Is Nancy Pelosi going to provoke a war with China?
The House Speaker, a California Democrat, reportedly plans to visit Taiwan in August, throwing the already-tense relationship between China and the United States into something of a tizzy. Beijing — which considers Taiwan a breakaway province — has reportedly issued "private warnings" to U.S. officials against Pelosi's trip. And some of the warnings have been not so private: "If the U.S. side is bent on going its own way, China will take strong measures to resolutely respond and counteract," Chinese government spokesman Zhao Lijian said on Monday.
American leaders already fear that China will move to take over Taiwan sometime in the near future, and those fears "have sharpened" as the Biden Administration "quietly works to try to dissuade" Pelosi from traveling to the island, The New York Times reports. And ominously, analysts say "that China could send aircraft to 'escort" her plane and prevent it from landing," though that scenario is considered unlikely. Tensions are high enough that Taiwanese officials have started holding air raid drills in preparation for Pelosi's visit.
Why is Pelosi's planned visit causing so much controversy? Here's everything you need to know:
Why is Nancy Pelosi going to Taiwan?
Given all the hubbub, it might be surprising to learn that Pelosi hasn't officially announced a visit. "No final decision has been made about stopping in Taiwan during a trip to Asia" in August, Billy House and Iain Marlow report for Bloomberg. Her office "won't confirm or deny international travel because of security issues." (President Biden more or less confirmed her plans to reporters last week.) She reportedly scrapped a visit in April, when she caught the coronavirus. If she does make the trip, she would be the first House Speaker to visit the island since 1997.

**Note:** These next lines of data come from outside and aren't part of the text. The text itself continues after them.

theorem lemma2:
  fixes U :: "nat \<Rightarrow> 'u set" and V :: "nat \<Rightarrow> 'v set" and E :: "nat \<Rightarrow> ('u \<times> 'v) set"
    and p :: "nat \<Rightarrow> 'v \<Rightarrow> real" and x :: "nat \<Rightarrow> ('u \<times> 'v) \<Rightarrow> real"
  assumes finU: "\<And>T. finite (U T)" and finV: "\<And>T. finite (V T)"
    and E_sub: "\<And>T. E T \<subseteq> U T \<times> V T"
    and p_nonneg: "\<And>T v. v \<in> V T \<Longrightarrow> p T v \<ge> 0"
    and p_sum: "\<And>T. sum (p T) (V T) \<le> 1"
    and r_le1: "\<And>T v. v \<in> V T \<Longrightarrow> real T * p T v \<le> 1"
    and x_range: "\<And>T e. e \<in> E T \<Longrightarrow> 0 \<le> x T e \<and> x T e \<le> 1"
    and x_v: "\<And>T v. v \<in> V T \<Longrightarrow> (\<Sum>e\<in>edges_at_v (E T) v. x T e) \<le> real T * p T v"
    and x_u: "\<And>T u. u \<in> U T \<Longrightarrow> (\<Sum>e\<in>edges_at_u (E T) u. x T e) \<le> 1"
    and U_small: "(\<lambda>T. real (card (U T))) \<in> o(\<lambda>T. sqrt (real T))"
  shows "(\<lambda>T. tv_from_indep (U T) (matched_pmf (V T) (E T) (p T) (x T) T)) \<longlonglongrightarrow> 0
         \<and> (\<forall>\<epsilon>>0. \<forall>\<^sub>F T in sequentially. \<forall>u\<in>U T.
           \<bar>marg (matched_pmf (V T) (E T) (p T) (x T) T) u - (1 - exp (- xstar_u (E T) (x T) u))\<bar> < \<epsilon>)"
proof -
  have inst: "mmp_instance (U T) (V T) (E T) (p T) (x T) T" if "0 < T" for T
    using that by unfold_locales (simp_all add: finU finV E_sub p_nonneg p_sum x_range x_v x_u)
  have tv_le: "\<forall>\<^sub>F T in sequentially. tv_from_indep (U T) (matched_pmf (V T) (E T) (p T) (x T) T)
      \<le> real (card (U T)) ^ 2 / real T"
    using eventually_gt_at_top[of 0] by eventually_elim (rule mmp_instance.tv_from_indep_matched_le[OF inst])
  have marg_le: "\<forall>\<^sub>F T in sequentially. \<forall>u\<in>U T.
      \<bar>marg (matched_pmf (V T) (E T) (p T) (x T) T) u - (1 - exp (- xstar_u (E T) (x T) u))\<bar> \<le> 2 / real T"
    using eventually_ge_at_top[of 2] by eventually_elim (simp add: mmp_instance.marg_matched_pmf_approx[OF inst])
  show ?thesis
  proof (intro conjI allI impI)
    show "(\<lambda>T. tv_from_indep (U T) (matched_pmf (V T) (E T) (p T) (x T) T)) \<longlonglongrightarrow> 0"
      using tendsto_sandwich[OF _ tv_le tendsto_const square_over_n_tendsto_zero[OF U_small]]
      by (simp add: tv_from_indep_nonneg)
    fix \<epsilon> :: real assume "0 < \<epsilon>"
    with lim_const_over_n[of 2] have "\<forall>\<^sub>F T in sequentially. 2 / real T < \<epsilon>"
      by (rule order_tendstoD)
    with marg_le show "\<forall>\<^sub>F T in sequentially. \<forall>u\<in>U T.
        \<bar>marg (matched_pmf (V T) (E T) (p T) (x T) T) u - (1 - exp (- xstar_u (E T) (x T) u))\<bar> < \<epsilon>"
      by eventually_elim auto
  qed
qed

end
definition invariants ::
  "('g, 'b) groupoid_scheme \<Rightarrow> ('g \<Rightarrow> 'a::ring) \<Rightarrow> ('g \<Rightarrow> 'a \<Rightarrow> 'a) \<Rightarrow> 'a set \<Rightarrow> 'g set \<Rightarrow> 'a set" where
  "invariants G e \<alpha> A K = {a \<in> A. \<forall>k\<in>K. \<alpha> k (a * e (gin G k)) = a * e k}"

end

theory Submission
  imports Defs
begin

text \<open>The idempotents 1_x (x an object) are central and orthogonal, so an element is determined
  by its components a 1_x, and the invariance condition for a morphism k of H involves only the
  components at the source and target of k, which lie in one connected component of H. This
  gives the first decomposition. The isomorphism is multiplication by the central idempotent
  1_{y_1} + ... + 1_{y_r} + 1_{S^c_H}. Since the restricted action is group-type, every object z of
  Y_j is reached from y_j by a morphism u of H with S_{u^-1} = S_{y_j} and S_u = S_z, so that
  alpha_u is an isomorphism S_{y_j} -> S_z. An invariant element is therefore determined by its
  components at the y_j, and conversely, transporting H(y_j)-invariant elements of S_{y_j} along
  such morphisms gives an invariant element, because for k in H from z to w the conjugate
  v^-1 k u lies in H(y_j).\<close>

section \<open>Orthogonal central idempotents\<close>

lemma mem_ideal_of_iff:
  assumes "e g * e g = e g"
  shows "a \<in> ideal_of e g \<longleftrightarrow> a * e g = a"
proof
  assume "a \<in> ideal_of e g"
  then obtain b where "a = b * e g" unfolding ideal_of_def by blast
  then show "a * e g = a" using assms by (simp add: mult.assoc)
next
  assume "a * e g = a"
  then show "a \<in> ideal_of e g" unfolding ideal_of_def by (metis (mono_tags, lifting) mem_Collect_eq)
qed
lemma supp_subset_finite_sums_supp_hlog1p:
  fixes eps :: "'m::linordered_ab_group_add \<Rightarrow> 'k::field_char_0"
  assumes "infinitesimal eps"
  shows "supp eps \<subseteq> finite_sums (supp (hlog1p eps))"
proof
  fix m
  assume "m \<in> supp eps"
  have wf: "wfp_on (supp eps) (>)"
    using assms by (simp add: infinitesimal_def hahn_def well_based_iff_wfp_on)
  have neg: "supp eps \<subseteq> {..<0}"
    using assms by (auto simp: infinitesimal_def)
  from wf show "m \<in> finite_sums (supp (hlog1p eps))"
  proof (induction rule: wfp_on_induct)
    case in_set
    show ?case by fact
  next
    case (less m)
    show ?case
    proof (cases "hlog1p eps m = 0")
      case False
      then have "m \<in> supp (hlog1p eps)"
        by (simp add: supp_def)
      then show ?thesis
        by (rule subsetD[OF subset_finite_sums])
    next
      case True
      have "eps m \<noteq> 0"
        using less.hyps by (simp add: supp_def)
      then obtain j where "2 \<le> j" "m \<in> supp (hpow eps j)"
        using hpow_nonzero_if_hlog1p_cancels[OF assms _ True] by (auto simp: supp_def)
      then obtain M where M: "size M = j" "set_mset M \<subseteq> supp eps" "m = sum_mset M"
        using supp_hpow by blast
      have "a \<in> finite_sums (supp (hlog1p eps))" if "a \<in># M" for a
      proof (rule less.IH)
        show "a \<in> supp eps"
          using M(2) that by blast
        show "m < a"
          unfolding M(3) using that M neg \<open>2 \<le> j\<close> by (intro sum_mset_less_member) auto
      qed
      moreover have "M \<noteq> {#}"
        using M(1) \<open>2 \<le> j\<close> by auto
      ultimately show ?thesis
        unfolding M(3) by (intro sum_mset_in_finite_sums) auto
    qed
  qed
qed

lemma finite_sums_locally_finite:
  fixes S :: "'i \<Rightarrow> 'm::linordered_ab_group_add set"
  assumes wb: "well_based (\<Union>i\<in>I. S i)" and neg: "(\<Union>i\<in>I. S i) \<subseteq> {..<0}"
    and fin: "\<And>a. finite {i \<in> I. a \<in> S i}"
  shows "finite {i \<in> I. m \<in> finite_sums (S i)}"
proof -
  define U where "U = (\<Union>i\<in>I. S i)"
  \<comment> \<open>Only the finitely many elements occurring in a representation of m can matter.\<close>
  define A where "A = (\<Union>M\<in>{M. set_mset M \<subseteq> U \<and> sum_mset M = m}. set_mset M)"
  have "finite A"
    unfolding A_def U_def using finite_sum_representations[OF wb neg] by auto
  have "{i \<in> I. m \<in> finite_sums (S i)} \<subseteq> (\<Union>a\<in>A. {i \<in> I. a \<in> S i})"
  proof
    fix i
    assume i: "i \<in> {i \<in> I. m \<in> finite_sums (S i)}"
    then obtain M where M: "M \<noteq> {#}" "set_mset M \<subseteq> S i" "m = sum_mset M"
      by (blast elim: finite_sumsE)
    then obtain a where "a \<in># M"
      by blast
    have "set_mset M \<subseteq> U"
      using M(2) i by (auto simp: U_def)
    with M(3) \<open>a \<in># M\<close> have "a \<in> A"
      unfolding A_def by blast
    moreover have "a \<in> S i"
      using M(2) \<open>a \<in># M\<close> by blast
    ultimately show "i \<in> (\<Union>a\<in>A. {i \<in> I. a \<in> S i})"
      using i by blast
  qed
  moreover have "finite (\<Union>a\<in>A. {i \<in> I. a \<in> S i})"
    using \<open>finite A\<close> fin by (rule finite_UN_I)
  ultimately show ?thesis
    by (rule finite_subset)
qed

lemma hsummable_if_supp_subset_finite_sums:
  fixes F G :: "'i \<Rightarrow> 'm::linordered_ab_group_add \<Rightarrow> 'k::zero"
  assumes "hsummable I F"
    and neg: "\<And>i. i \<in> I \<Longrightarrow> supp (F i) \<subseteq> {..<0}"
    and supp_G: "\<And>i. i \<in> I \<Longrightarrow> supp (G i) \<subseteq> finite_sums (supp (F i))"
  shows "hsummable I G"
proof -
  define U where "U = (\<Union>i\<in>I. supp (F i))"
  have wb: "well_based U" and fin: "\<And>a. finite {i \<in> I. a \<in> supp (F i)}"
    using assms(1) by (simp_all add: hsummable_def U_def)
  have U_neg: "U \<subseteq> {..<0}"
    using neg by (auto simp: U_def)
  have "supp (G i) \<subseteq> finite_sums U" if "i \<in> I" for i
  proof -
    have "supp (F i) \<subseteq> U"
      using that by (auto simp: U_def)
    then show ?thesis
      using supp_G[OF that] finite_sums_mono by blast
  qed
  then have "well_based (\<Union>i\<in>I. supp (G i))"
    by (intro well_based_subset[OF well_based_finite_sums[OF wb U_neg]]) blast
  moreover have "finite {i \<in> I. m \<in> supp (G i)}" for m
  proof (rule finite_subset)
    show "{i \<in> I. m \<in> supp (G i)} \<subseteq> {i \<in> I. m \<in> finite_sums (supp (F i))}"
      using supp_G by blast
    show "finite {i \<in> I. m \<in> finite_sums (supp (F i))}"
      using wb U_neg fin unfolding U_def by (rule finite_sums_locally_finite)
  qed
  ultimately show ?thesis
    by (simp add: hsummable_def)
qed

theorem corollary2p6:
  fixes I :: "'i set"
    and eps :: "'i \<Rightarrow> 'm::linordered_ab_group_add \<Rightarrow> 'k::field_char_0"
  assumes "\<forall>i\<in>I. infinitesimal (eps i)"
  shows "hsummable I eps \<longleftrightarrow> hsummable I (\<lambda>i. hlog1p (eps i))"
proof
  have neg: "supp (eps i) \<subseteq> {..<0}" if "i \<in> I" for i
    using assms that by (auto simp: infinitesimal_def)
  show "hsummable I (\<lambda>i. hlog1p (eps i))" if "hsummable I eps"
    using that by (rule hsummable_if_supp_subset_finite_sums) (simp_all add: neg supp_hlog1p)
  show "hsummable I eps" if "hsummable I (\<lambda>i. hlog1p (eps i))"
    using that
  proof (rule hsummable_if_supp_subset_finite_sums)
    show "supp (hlog1p (eps i)) \<subseteq> {..<0}" if "i \<in> I" for i
      using supp_hlog1p finite_sums_neg[OF neg[OF that]] by (rule order.trans)
    show "supp (eps i) \<subseteq> finite_sums (supp (hlog1p (eps i)))" if "i \<in> I" for i
      using assms that by (simp add: supp_subset_finite_sums_supp_hlog1p)
  qed
qed

end
(* Let $G$ and $H$ be graphs. (i) If $*\in\{\Box,\times,\boxtimes\}$ (Cartesian, direct, or strong product), then $\chi_{\mathrm{so}}(G*H)\leq \chi_{\mathrm{so}}(G)\,\chi_{\mathrm{so}}(H)$. (ii) For the lexicographic product, $\chi_{\mathrm{so}}(G\circ H)\leq \chi_{\mathrm{so}}(G)\,(\chi_{\mathrm{so}}(H+K_1)-1)$.
   Context: All graphs are finite, simple and undirected. A strong odd coloring of a graph $G$ is a proper vertex coloring of $G$ such that for every non-isolated vertex $v$ and every color $c$, either no vertex of the open neighborhood $N_G(v)$ has color $c$, or color $c$ is used on an odd number of vertices of $N_G(v)$; $\chi_{\mathrm{so}}(G)$ is the minimum number of colors in such a coloring. $H+K_1$ denotes the graph obtained from $H$ by adding a new vertex adjacent to all vertices of $H$. All products have vertex set $V_G\times V_H$. Cartesian product $G\Box H$: $(g,h)(g',h')$ is an edge iff ($g=g'$ and $hh'\in E_H$) or ($gg'\in E_G$ and $h=h'$). Direct product $G\times H$: edge iff $gg'\in E_G$ and $hh'\in E_H$. Strong product $G\boxtimes H$: edge iff $(g,h)\neq(g',h')$, $g'\in N[g]$ and $h'\in N[h]$ (closed neighborhoods). Lexicographic product $G\circ H$: edge iff $gg'\in E_G$, or ($g=g'$ and $hh'\in E_H$). *)

theory Defs
  imports Main
begin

But it probably shouldn't be a surprise if she's willing to poke China in the eye. She "has been a staunch critic of China throughout her more than three decades in Congress," The Associated Press reports — showing support for the 1989 Tiananmen Square protests and the 2019 democracy demonstrations in Hong Kong. That said, she's been careful not to overtly root for Taiwan's independence from China, probably in order to avoid too dire a provocation. "I think that it's important for us to show support for Taiwan," she told reporters last week. "I also think that we have … none of us has ever said we're for independence when it comes to Taiwan. That's up to Taiwan to decide."
Why is the trip stirring up trouble?
Taiwan and China have governed themselves separately since Chang Kai-shek and his army fled to the island after Mao Zedong and the Communist Party won control of mainland China in 1949. But China has always said that Taiwan is its territory. The United States has long observed a "one China" policy, officially recognizing the Communist regime in Beijing "as the sole legal government of China but only [acknowledging] the Chinese position that Taiwan is part of China," Michael J. Green and Bonnie S. Glaser wrote in a 2017 explainer for the Center for Strategic and International Studies. If that sounds confusing and ambiguous, that's pretty much the point: The U.S. has tried to discourage China from invading Taiwan — and has given Taiwan some military support — but it has also tried to keep peace by withholding a formal recognition of Taiwan's independence. Pelosi's visit could disrupt that delicate balance: China would see the trip by such a high-ranking American official "as being akin to formal diplomatic engagement with the island," says The New York Times.
But it's not just the U.S.-China relationship that's been thrown into turmoil. There's also Pelosi's relationship with Biden, who seemed to discourage the trip in his public remarks last week. And bizarrely, the speaker — who has long been reviled by House Republicans, and used extensively as a villain in their campaign commercials — is getting GOP backing for the trip. "Speaker Pelosi should go to Taiwan and President Biden should make it abundantly clear to Chairman Xi that there's not a damn thing the Chinese Communist Party can do about it," Sen. Ben Sasse (R-Neb.) said on Monday. Former House Speaker Newt Gingrich (R-Ga.) also backed Pelosi's trip.
So: Will her visit actually start a war?
Probably not? But it's clear that American officials are nervous about the possibility of a confrontation. Administration officials say China "is planning a potentially destabilizing response," to a Pelosi visit, columnist Josh Rogin writes for the Washington Post. U.S. military leaders are contemplating "moving aircraft carriers or sending fighter planes for close air support" in order to protect the speaker, but that could create problems, too: China could see such actions as an "aggressive rather than a defensive measure."
The fear is that Chinese President Xi Jinping will view Pelosi's visit to Taiwan "as a humiliation of his leadership and that he takes some rash action to show his strength," Susan L. Shirk, a former senior State Department official, told the Times. Shi Yinhong, a professor at Renmin University of China in Beijing, told the paper he doesn't think the regime would want to provoke an actual conflict. But nobody really knows. "I don't think anyone can predict in any detail what China will do militarily."